inductive wrel :: "letter list \<Rightarrow> letter list \<Rightarrow> bool" where
  wrefl: "wrel u u"
| wsym: "wrel u v \<Longrightarrow> wrel v u"
| wtrans: "wrel u v \<Longrightarrow> wrel v w \<Longrightarrow> wrel u w"
| wcancel: "wrel (u @ [(g, s), (g, \<not> s)] @ v) (u @ v)"
| wrelator: "wrel (u @ [(Ga, True), (Ga, True), (Gb, True)] @ v)
                  (u @ [(Gb, True), (Ga, True), (Ga, True)] @ v)"

definition Gmult :: "letter list set \<Rightarrow> letter list set \<Rightarrow> letter list set" where
  "Gmult A1 A2 = {w. \<exists>p\<in>A1. \<exists>q\<in>A2. wrel w (p @ q)}"

definition Gp :: "letter list set monoid" where
  "Gp = \<lparr>carrier = UNIV // {(u, v). wrel u v}, monoid.mult = Gmult, monoid.one = {w. wrel w []}\<rparr>"

definition Hsub :: "letter list set set" where
  "Hsub = {S \<in> carrier Gp. \<forall>w\<in>S. even (length (filter (\<lambda>l. fst l = Gb) w))}"

definition Hp :: "letter list set monoid" where
  "Hp = Gp\<lparr>carrier := Hsub\<rparr>"

text \<open>Open normal subgroups of the pro-2 completion correspond to normal subgroups
  of 2-power index of the discrete group.\<close>
definition pro2_open :: "('g, 'b) monoid_scheme \<Rightarrow> 'g set \<Rightarrow> bool" where
  "pro2_open \<Gamma> N \<longleftrightarrow> N \<lhd> \<Gamma> \<and> finite (rcosets\<^bsub>\<Gamma>\<^esub> N) \<and> (\<exists>k::nat. card (rcosets\<^bsub>\<Gamma>\<^esub> N) = 2 ^ k)"

definition cont1 :: "('g, 'b) monoid_scheme \<Rightarrow> ('g \<Rightarrow> int) \<Rightarrow> bool" where
  "cont1 \<Gamma> f \<longleftrightarrow> (\<exists>N. pro2_open \<Gamma> N \<and>
     (\<forall>x\<in>carrier \<Gamma>. \<forall>y\<in>carrier \<Gamma>. x \<otimes>\<^bsub>\<Gamma>\<^esub> inv\<^bsub>\<Gamma>\<^esub> y \<in> N \<longrightarrow> f x = f y))"

definition C1 :: "('g, 'b) monoid_scheme \<Rightarrow> int \<Rightarrow> ('g \<Rightarrow> int) set" where
  "C1 \<Gamma> m = {f. cont1 \<Gamma> f \<and> (\<forall>x. f x \<in> {0..<m}) \<and> (\<forall>x. x \<notin> carrier \<Gamma> \<longrightarrow> f x = 0)}"

text \<open>H^1 with trivial action: 1-cocycles (the 1-coboundaries are 0).
  Differential: (d f)(x,y) = f y - f (x y) + f x.\<close>
definition H1 :: "('g, 'b) monoid_scheme \<Rightarrow> int \<Rightarrow> ('g \<Rightarrow> int) set" where
  "H1 \<Gamma> m = {f \<in> C1 \<Gamma> m. \<forall>x\<in>carrier \<Gamma>. \<forall>y\<in>carrier \<Gamma>.
                 (f y - f (x \<otimes>\<^bsub>\<Gamma>\<^esub> y) + f x) mod m = 0}"

definition reduce2 :: "('g \<Rightarrow> int) \<Rightarrow> ('g \<Rightarrow> int)" where
  "reduce2 f = (\<lambda>x. f x mod 2)"

definition massey3_values ::
  "('g, 'b) monoid_scheme \<Rightarrow> ('g \<Rightarrow> int) \<Rightarrow> ('g \<Rightarrow> int) \<Rightarrow> ('g \<Rightarrow> int) \<Rightarrow> ('g \<Rightarrow> 'g \<Rightarrow> int) set" where
  "massey3_values \<Gamma> a12 a23 a34 =
     {v. \<exists>a13 \<in> C1 \<Gamma> 2. \<exists>a24 \<in> C1 \<Gamma> 2.
        (\<forall>x\<in>carrier \<Gamma>. \<forall>y\<in>carrier \<Gamma>.
           (a13 y - a13 (x \<otimes>\<^bsub>\<Gamma>\<^esub> y) + a13 x) mod 2 = (- (a12 x * a23 y)) mod 2) \<and>
        (\<forall>x\<in>carrier \<Gamma>. \<forall>y\<in>carrier \<Gamma>.
           (a24 y - a24 (x \<otimes>\<^bsub>\<Gamma>\<^esub> y) + a24 x) mod 2 = (- (a23 x * a34 y)) mod 2) \<and>
        v = (\<lambda>x y. if x \<in> carrier \<Gamma> \<and> y \<in> carrier \<Gamma>
                    then (- (a12 x * a24 y + a13 x * a34 y)) mod 2 else 0)}"

definition massey3_defined ::
  "('g, 'b) monoid_scheme \<Rightarrow> ('g \<Rightarrow> int) \<Rightarrow> ('g \<Rightarrow> int) \<Rightarrow> ('g \<Rightarrow> int) \<Rightarrow> bool" where
  "massey3_defined \<Gamma> c1 c2 c3 \<longleftrightarrow> massey3_values \<Gamma> c1 c2 c3 \<noteq> {}"

definition massey3_vanishes ::
  "('g, 'b) monoid_scheme \<Rightarrow> ('g \<Rightarrow> int) \<Rightarrow> ('g \<Rightarrow> int) \<Rightarrow> ('g \<Rightarrow> int) \<Rightarrow> bool" where
  "massey3_vanishes \<Gamma> c1 c2 c3 \<longleftrightarrow>
     (\<exists>v \<in> massey3_values \<Gamma> c1 c2 c3. \<exists>c \<in> C1 \<Gamma> 2.
        \<forall>x\<in>carrier \<Gamma>. \<forall>y\<in>carrier \<Gamma>. v x y = (c y - c (x \<otimes>\<^bsub>\<Gamma>\<^esub> y) + c x) mod 2)"

end

theory Submission
  imports Defs "HOL-Computational_Algebra.Primes"
begin

(* Since the relator a^2 b = b a^2 holds in every abelian group, H^1 of G with coefficients in
  Z/2^n is Hom(G, Z/2^n) = (Z/2^n)^2, the values on a and b being arbitrary; reducing a lift of
  the two values gives (1).
  For (2), x = a and y = b a b^-1 lie in H and x^2 = y^2, as a^2 is central. A character of H
  that is 1 on x and 0 on y exists (it factors through the wreath product Z/2 wr Z/2), but a lift
  F to Z/4 would give 2 F(x) = 2 F(y) in Z/4 with F(x) odd and F(y) even.
  For (3), take chi_a, chi_a, chi_b. A defining system factors through a group of order 16, a
  central extension of Z/4 x Z/2 (binom(a,2) mod 2 cobounds chi_a chi_a). For every value v
  of the Massey product, v(a^2, b) - v(b, a^2) is the value on a^2 of the cochain cobounding
  chi_a chi_a, which is chi_a(a)^2 = 1 mod 2; but this antisymmetrisation kills every coboundary at a
  commuting pair. *)

abbreviation coboundary1 :: "('g, 'b) monoid_scheme \<Rightarrow> ('g \<Rightarrow> int) \<Rightarrow> 'g \<Rightarrow> 'g \<Rightarrow> int" where
  "coboundary1 \<Gamma> f x y \<equiv> f y - f (x \<otimes>\<^bsub>\<Gamma>\<^esub> y) + f x"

> EXERCISE AIM: Scan the entries above and copy each line where "bsub" occurs.

> EXERCISE OUTPUT:
  "pro2_open \<Gamma> N \<longleftrightarrow> N \<lhd> \<Gamma> \<and> finite (rcosets\<^bsub>\<Gamma>\<^esub> N) \<and> (\<exists>k::nat. card (rcosets\<^bsub>\<Gamma>\<^esub> N) = 2 ^ k)"
     (\<forall>x\<in>carrier \<Gamma>. \<forall>y\<in>carrier \<Gamma>. x \<otimes>\<^bsub>\<Gamma>\<^esub> inv\<^bsub>\<Gamma>\<^esub> y \<in> N \<longrightarrow> f x = f y))"
                 (f y - f (x \<otimes>\<^bsub>\<Gamma>\<^esub> y) + f x) mod m = 0}"
           (a13 y - a13 (x \<otimes>\<^bsub>\<Gamma>\<^esub> y) + a13 x) mod 2 = (- (a12 x * a23 y)) mod 2) \<and>
           (a24 y - a24 (x \<otimes>\<^bsub>\<Gamma>\<^esub> y) + a24 x) mod 2 = (- (a23 x * a34 y)) mod 2) \<and>
        \<forall>x\<in>carrier \<Gamma>. \<forall>y\<in>carrier \<Gamma>. v x y = (c y - c (x \<otimes>\<^bsub>\<Gamma>\<^esub> y) + c x) mod 2)"
  "coboundary1 \<Gamma> f x y \<equiv> f y - f (x \<otimes>\<^bsub>\<Gamma>\<^esub> y) + f x"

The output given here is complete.